(* Let $\mathfrak p$ be a prime ideal of $R$ and $\kappa(\mathfrak p)=R_{\mathfrak p}/\mathfrak pR_{\mathfrak p}$. The following are equivalent: (i) $\kappa(\mathfrak p)$ is simple-$\mathcal F$-torsion-free as an $R$-module; (ii) $\kappa(\mathfrak p)$ is simple-$\mathcal F$-divisible as an $R$-module; (iii) $\mathfrak p\in\mathcal F^*$.
   Context: Throughout, $R$ is a commutative Noetherian local ring with maximal ideal $\mathfrak m$, and $\mathcal F$ is a Gabriel topology on $R$: a nonempty set of ideals of $R$ such that (1) if $\mathfrak a\in\mathcal F$ and $\mathfrak a\subseteq\mathfrak b$ then $\mathfrak b\in\mathcal F$; (2) if $\mathfrak a,\mathfrak b\in\mathcal F$ then $\mathfrak a\cap\mathfrak b\in\mathcal F$; (3) if $\mathfrak b$ is an ideal and there is $\mathfrak a\in\mathcal F$ with $(\mathfrak b:r)\in\mathcal F$ for all $r\in\mathfrak a$, then $\mathfrak b\in\mathcal F$. For an $R$-module $X$ and ideal $\mathfrak a$, $X[\mathfrak a]=\{x\in X:\mathfrak a x=0\}$. $X$ is $\mathcal F$-torsion-free if $X[\mathfrak a]=0$ for all $\mathfrak a\in\mathcal F$, and $\mathcal F$-divisible if $\mathfrak aX=X$ for all $\mathfrak a\in\mathcal F$. $M$ is simple-$\mathcal F$-torsion-free if $M\neq0$, $M$ is $\mathcal F$-torsion-free, and for every submodule $0\neq U\subsetneq M$, $M/U$ is not $\mathcal F$-torsion-free; $N$ is simple-$\mathcal F$-divisible if $N\ne0$, $N$ is $\mathcal F$-divisible, and no submodule $0\neq V\subsetneq N$ is $\mathcal F$-divisible. $\mathcal F^*$ denotes the set of maximal elements (under inclusion) of $\mathrm{Spec}(R)\setminus\mathcal F$. *)

theory Defs
  imports Main
begin

section \<open>Ideals of a commutative ring (the ring is the whole type 'a)\<close>

definition is_ideal :: "'a::comm_ring_1 set \<Rightarrow> bool" where
  "is_ideal I \<longleftrightarrow> 0 \<in> I \<and> (\<forall>x\<in>I. \<forall>y\<in>I. x + y \<in> I) \<and> (\<forall>r. \<forall>x\<in>I. r * x \<in> I)"

definition ideal_gen :: "'a::comm_ring_1 set \<Rightarrow> 'a set" where
  "ideal_gen S = \<Inter>{I. is_ideal I \<and> S \<subseteq> I}"

definition is_prime_ideal :: "'a::comm_ring_1 set \<Rightarrow> bool" where
  "is_prime_ideal P \<longleftrightarrow> is_ideal P \<and> P \<noteq> UNIV \<and> (\<forall>a b. a * b \<in> P \<longrightarrow> a \<in> P \<or> b \<in> P)"

definition is_maximal_ideal :: "'a::comm_ring_1 set \<Rightarrow> bool" where
  "is_maximal_ideal M \<longleftrightarrow> is_ideal M \<and> M \<noteq> UNIV \<and>
     (\<forall>J. is_ideal J \<and> M \<subseteq> J \<and> J \<noteq> UNIV \<longrightarrow> J = M)"

definition noetherian_ring :: "'a::comm_ring_1 itself \<Rightarrow> bool" where
  "noetherian_ring _ \<longleftrightarrow> (\<forall>I::'a set. is_ideal I \<longrightarrow> (\<exists>S. finite S \<and> I = ideal_gen S))"

definition local_ring :: "'a::comm_ring_1 itself \<Rightarrow> bool" where
  "local_ring _ \<longleftrightarrow> (\<exists>!M::'a set. is_maximal_ideal M)"

definition colon_ideal :: "'a::comm_ring_1 set \<Rightarrow> 'a \<Rightarrow> 'a set" where
  "colon_ideal b r = {x. x * r \<in> b}"

definition gabriel_topology :: "'a::comm_ring_1 set set \<Rightarrow> bool" where
  "gabriel_topology F \<longleftrightarrow> F \<noteq> {} \<and> (\<forall>a\<in>F. is_ideal a) \<and>
     (\<forall>a b. a \<in> F \<and> is_ideal b \<and> a \<subseteq> b \<longrightarrow> b \<in> F) \<and>
     (\<forall>a\<in>F. \<forall>b\<in>F. a \<inter> b \<in> F) \<and>
     (\<forall>b. is_ideal b \<and> (\<exists>a\<in>F. \<forall>r\<in>a. colon_ideal b r \<in> F) \<longrightarrow> b \<in> F)"

definition F_star :: "'a::comm_ring_1 set set \<Rightarrow> 'a set set" where
  "F_star F = {P. is_prime_ideal P \<and> P \<notin> F \<and>
     (\<forall>Q. is_prime_ideal Q \<and> Q \<notin> F \<and> P \<subseteq> Q \<longrightarrow> Q = P)}"

definition is_submodule ::
  "'m set \<Rightarrow> ('m \<Rightarrow> 'm \<Rightarrow> 'm) \<Rightarrow> 'm \<Rightarrow> ('a::comm_ring_1 \<Rightarrow> 'm \<Rightarrow> 'm) \<Rightarrow> 'm set \<Rightarrow> bool" where
  "is_submodule M add z sm U \<longleftrightarrow> U \<subseteq> M \<and> z \<in> U \<and>
     (\<forall>x\<in>U. \<forall>y\<in>U. add x y \<in> U) \<and> (\<forall>r. \<forall>x\<in>U. sm r x \<in> U)"

definition quot_carrier :: "'m set \<Rightarrow> ('m \<Rightarrow> 'm \<Rightarrow> 'm) \<Rightarrow> 'm set \<Rightarrow> 'm set set" where
  "quot_carrier M add U = (\<lambda>x. {add x u | u. u \<in> U}) ` M"

definition quot_add :: "('m \<Rightarrow> 'm \<Rightarrow> 'm) \<Rightarrow> 'm set \<Rightarrow> 'm set \<Rightarrow> 'm set" where
  "quot_add add C D = {add c d | c d. c \<in> C \<and> d \<in> D}"

definition quot_smult :: "('m \<Rightarrow> 'm \<Rightarrow> 'm) \<Rightarrow> ('a \<Rightarrow> 'm \<Rightarrow> 'm) \<Rightarrow> 'm set \<Rightarrow> 'a \<Rightarrow> 'm set \<Rightarrow> 'm set" where
  "quot_smult add sm U r C = {add (sm r c) u | c u. c \<in> C \<and> u \<in> U}"

definition annih_part :: "'m set \<Rightarrow> 'm \<Rightarrow> ('a \<Rightarrow> 'm \<Rightarrow> 'm) \<Rightarrow> 'a set \<Rightarrow> 'm set" where
  "annih_part M z sm a = {x \<in> M. \<forall>r\<in>a. sm r x = z}"

definition F_torsion_free ::
  "'a::comm_ring_1 set set \<Rightarrow> 'm set \<Rightarrow> 'm \<Rightarrow> ('a \<Rightarrow> 'm \<Rightarrow> 'm) \<Rightarrow> bool" where
  "F_torsion_free F M z sm \<longleftrightarrow> (\<forall>a\<in>F. annih_part M z sm a = {z})"

definition ideal_times ::
  "'m set \<Rightarrow> ('m \<Rightarrow> 'm \<Rightarrow> 'm) \<Rightarrow> 'm \<Rightarrow> ('a::comm_ring_1 \<Rightarrow> 'm \<Rightarrow> 'm) \<Rightarrow> 'a set \<Rightarrow> 'm set \<Rightarrow> 'm set" where
  "ideal_times M add z sm a X =
     \<Inter>{V. is_submodule M add z sm V \<and> (\<forall>r\<in>a. \<forall>x\<in>X. sm r x \<in> V)}"

definition F_divisible ::
  "'a::comm_ring_1 set set \<Rightarrow> 'm set \<Rightarrow> ('m \<Rightarrow> 'm \<Rightarrow> 'm) \<Rightarrow> 'm \<Rightarrow> ('a \<Rightarrow> 'm \<Rightarrow> 'm) \<Rightarrow> 'm set \<Rightarrow> bool" where
  "F_divisible F M add z sm X \<longleftrightarrow> (\<forall>a\<in>F. ideal_times M add z sm a X = X)"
○ ○ ○ ○
Problem requirements :: From the material above, retype precisely the lines between the line holding "(\<exists>!M::'a set. is_maximal_ideal" and the line holding "c u. c \<in>", inclusive, and nothing beyond them.

Your response ::
  "local_ring _ \<longleftrightarrow> (\<exists>!M::'a set. is_maximal_ideal M)"

definition colon_ideal :: "'a::comm_ring_1 set \<Rightarrow> 'a \<Rightarrow> 'a set" where
  "colon_ideal b r = {x. x * r \<in> b}"

definition gabriel_topology :: "'a::comm_ring_1 set set \<Rightarrow> bool" where
  "gabriel_topology F \<longleftrightarrow> F \<noteq> {} \<and> (\<forall>a\<in>F. is_ideal a) \<and>
     (\<forall>a b. a \<in> F \<and> is_ideal b \<and> a \<subseteq> b \<longrightarrow> b \<in> F) \<and>
     (\<forall>a\<in>F. \<forall>b\<in>F. a \<inter> b \<in> F) \<and>
     (\<forall>b. is_ideal b \<and> (\<exists>a\<in>F. \<forall>r\<in>a. colon_ideal b r \<in> F) \<longrightarrow> b \<in> F)"

definition F_star :: "'a::comm_ring_1 set set \<Rightarrow> 'a set set" where
  "F_star F = {P. is_prime_ideal P \<and> P \<notin> F \<and>
     (\<forall>Q. is_prime_ideal Q \<and> Q \<notin> F \<and> P \<subseteq> Q \<longrightarrow> Q = P)}"

definition is_submodule ::
  "'m set \<Rightarrow> ('m \<Rightarrow> 'm \<Rightarrow> 'm) \<Rightarrow> 'm \<Rightarrow> ('a::comm_ring_1 \<Rightarrow> 'm \<Rightarrow> 'm) \<Rightarrow> 'm set \<Rightarrow> bool" where
  "is_submodule M add z sm U \<longleftrightarrow> U \<subseteq> M \<and> z \<in> U \<and>
     (\<forall>x\<in>U. \<forall>y\<in>U. add x y \<in> U) \<and> (\<forall>r. \<forall>x\<in>U. sm r x \<in> U)"

definition quot_carrier :: "'m set \<Rightarrow> ('m \<Rightarrow> 'm \<Rightarrow> 'm) \<Rightarrow> 'm set \<Rightarrow> 'm set set" where
  "quot_carrier M add U = (\<lambda>x. {add x u | u. u \<in> U}) ` M"

definition quot_add :: "('m \<Rightarrow> 'm \<Rightarrow> 'm) \<Rightarrow> 'm set \<Rightarrow> 'm set \<Rightarrow> 'm set" where
  "quot_add add C D = {add c d | c d. c \<in> C \<and> d \<in> D}"

definition quot_smult :: "('m \<Rightarrow> 'm \<Rightarrow> 'm) \<Rightarrow> ('a \<Rightarrow> 'm \<Rightarrow> 'm) \<Rightarrow> 'm set \<Rightarrow> 'a \<Rightarrow> 'm set \<Rightarrow> 'm set" where
  "quot_smult add sm U r C = {add (sm r c) u | c u. c \<in> C \<and> u \<in> U}"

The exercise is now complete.